--- START ---

(* Let $f(x)=\frac1n\sum_{i=1}^nf_i(x)$ on $\mathbb{R}^d$, where each $f_i$ is convex and $L_i$-smooth, and let $x^*$ be a minimizer of $f$. Consider SGD with the SPS$^\ell_{\max}$ stepsize (defined in the context), and let $\alpha:=\min\{\frac1{2cL_{\max}},\gamma_b\}$ with $L_{\max}=\max_iL_i$. (i) If $c=1$, then for every $K\ge1$, $\mathbb{E}[f(\bar x^K)-f(x^* )]\le\frac{\|x^0-x^*\|^2}{\alpha K}+\frac{2\gamma_b\hat\sigma_B^2}{\alpha}$, where $\bar x^K=\frac1K\sum_{k=0}^{K-1}x^k$. (ii) If in addition $f$ is $\mu$-strongly convex and $c\ge1/2$, then for every $k\ge0$, $\mathbb{E}\|x^k-x^*\|^2\le(1-\mu\alpha)^k\|x^0-x^*\|^2+\frac{2\gamma_b\hat\sigma_B^2}{\mu\alpha}$.
   Context: Minibatches: fix a batch size $B$; at each iteration a subset $\mathcal S_k\subseteq[n]$, $|\mathcal S_k|=B$, is sampled uniformly at random, independently across iterations. For $\mathcal S\subseteq[n]$, $f_{\mathcal S}:=\frac1{|\mathcal S|}\sum_{i\in\mathcal S}f_i$, $f^*_{\mathcal S}:=\inf_xf_{\mathcal S}(x)$ (assumed finite), and $\ell^*_{\mathcal S}$ is a given real number with $\ell^*_{\mathcal S}\le f^*_{\mathcal S}$. SGD: $x^{k+1}=x^k-\gamma_k\nabla f_{\mathcal S_k}(x^k)$ from given $x^0$. SPS$^\ell_{\max}$ stepsize: $\gamma_k=\min\left\{\frac{f_{\mathcal S_k}(x^k)-\ell^*_{\mathcal S_k}}{c\|\nabla f_{\mathcal S_k}(x^k)\|^2},\ \gamma_b\right\}$ with constants $c,\gamma_b>0$; if $\nabla f_{\mathcal S_k}(x^k)=0$ the iterate is not updated. $\hat\sigma_B^2:=\mathbb{E}_{\mathcal S}[f_{\mathcal S}(x^* )-\ell^*_{\mathcal S}]=f(x^* )-\mathbb{E}_{\mathcal S}[\ell^*_{\mathcal S}]$ with $\mathcal S$ uniform over subsets of size $B$. *)

theory Defs
  imports "HOL-Analysis.Analysis"
begin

--- END ---

**BRIEF**
Line by line, reproduce the data exactly as given.

**YOUR RESPONSE**
(* Let $f(x)=\frac1n\sum_{i=1}^nf_i(x)$ on $\mathbb{R}^d$, where each $f_i$ is convex and $L_i$-smooth, and let $x^*$ be a minimizer of $f$. Consider SGD with the SPS$^\ell_{\max}$ stepsize (defined in the context), and let $\alpha:=\min\{\frac1{2cL_{\max}},\gamma_b\}$ with $L_{\max}=\max_iL_i$. (i) If $c=1$, then for every $K\ge1$, $\mathbb{E}[f(\bar x^K)-f(x^* )]\le\frac{\|x^0-x^*\|^2}{\alpha K}+\frac{2\gamma_b\hat\sigma_B^2}{\alpha}$, where $\bar x^K=\frac1K\sum_{k=0}^{K-1}x^k$. (ii) If in addition $f$ is $\mu$-strongly convex and $c\ge1/2$, then for every $k\ge0$, $\mathbb{E}\|x^k-x^*\|^2\le(1-\mu\alpha)^k\|x^0-x^*\|^2+\frac{2\gamma_b\hat\sigma_B^2}{\mu\alpha}$.
   Context: Minibatches: fix a batch size $B$; at each iteration a subset $\mathcal S_k\subseteq[n]$, $|\mathcal S_k|=B$, is sampled uniformly at random, independently across iterations. For $\mathcal S\subseteq[n]$, $f_{\mathcal S}:=\frac1{|\mathcal S|}\sum_{i\in\mathcal S}f_i$, $f^*_{\mathcal S}:=\inf_xf_{\mathcal S}(x)$ (assumed finite), and $\ell^*_{\mathcal S}$ is a given real number with $\ell^*_{\mathcal S}\le f^*_{\mathcal S}$. SGD: $x^{k+1}=x^k-\gamma_k\nabla f_{\mathcal S_k}(x^k)$ from given $x^0$. SPS$^\ell_{\max}$ stepsize: $\gamma_k=\min\left\{\frac{f_{\mathcal S_k}(x^k)-\ell^*_{\mathcal S_k}}{c\|\nabla f_{\mathcal S_k}(x^k)\|^2},\ \gamma_b\right\}$ with constants $c,\gamma_b>0$; if $\nabla f_{\mathcal S_k}(x^k)=0$ the iterate is not updated. $\hat\sigma_B^2:=\mathbb{E}_{\mathcal S}[f_{\mathcal S}(x^* )-\ell^*_{\mathcal S}]=f(x^* )-\mathbb{E}_{\mathcal S}[\ell^*_{\mathcal S}]$ with $\mathcal S$ uniform over subsets of size $B$. *)

theory Defs
  imports "HOL-Analysis.Analysis"
begin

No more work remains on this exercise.